Top of Provided records
(* Let $d\ge1$ and let $h_1<h_2<\dots$ be a strictly increasing sequence of integers with $h_1\ge2$. Suppose that $L_d(h_1,h_2,\dots)$ and $L_d(h_1-1,h_2-1,h_3-1,\dots)$ are perfect lattices of minimum $4$, and that $L_{d+1}(h_1,h_2,\dots)\subset\mathbb Z^{d+3}$ contains a vector of norm $4$ whose first and last coordinates are both equal to $1$. Then $L_{d+1}(h_1,h_2,\dots)$ is perfect.
   Context: For a strictly increasing (finite or infinite, possibly empty) sequence of positive integers $h_1<h_2<\dots$ (called holes) and an integer $d\ge1$, let $s_1<s_2<\dots<s_{d+2}$ be the $d+2$ smallest elements of $\{1,2,3,\dots\}\setminus\{h_1,h_2,\dots\}$, and define $L_d(h_1,h_2,\dots)=\{x\in\mathbb Z^{d+2}:\ \sum_{i=1}^{d+2}x_i=0,\ \sum_{i=1}^{d+2}s_ix_i=0\}$ with the standard inner product of $\mathbb R^{d+2}$; it is an even integral lattice of rank $d$ with no vectors of norm $2$. Norm means squared Euclidean length; the minimum is the smallest norm of a nonzero element. A lattice $L$ of rank $n$ is perfect if $\{v\otimes v\}$, $v$ ranging over its minimal vectors, spans the $\binom{n+1}{2}$-dimensional space of symmetric tensors in $(L\otimes\mathbb R)\otimes(L\otimes\mathbb R)$. *)

theory Defs
  imports Complex_Main "HOL-Library.Infinite_Set"
begin

text \<open>Holes: a strictly increasing (finite or infinite, possibly empty) sequence of
positive integers is represented by its set of values H (a set of positive naturals).
Vectors of Z^k are represented as functions nat => int supported on indices 0..k-1
(coordinate x_i of the paper is x (i-1)).\<close>

definition nonholes :: "nat set \<Rightarrow> nat set" where
  "nonholes H = {n. 1 \<le> n \<and> n \<notin> H}"

text \<open>s H i = the (i+1)-th smallest non-hole (0-indexed), i.e. s_{i+1} of the paper.\<close>
definition s :: "nat set \<Rightarrow> nat \<Rightarrow> nat" where
  "s H i = (if finite (nonholes H) then sorted_list_of_set (nonholes H) ! i
            else enumerate (nonholes H) i)"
Bottom of Provided records
Please show the lines in the entries above that hold the string "where".

definition nonholes :: "nat set \<Rightarrow> nat set" where
definition s :: "nat set \<Rightarrow> nat \<Rightarrow> nat" where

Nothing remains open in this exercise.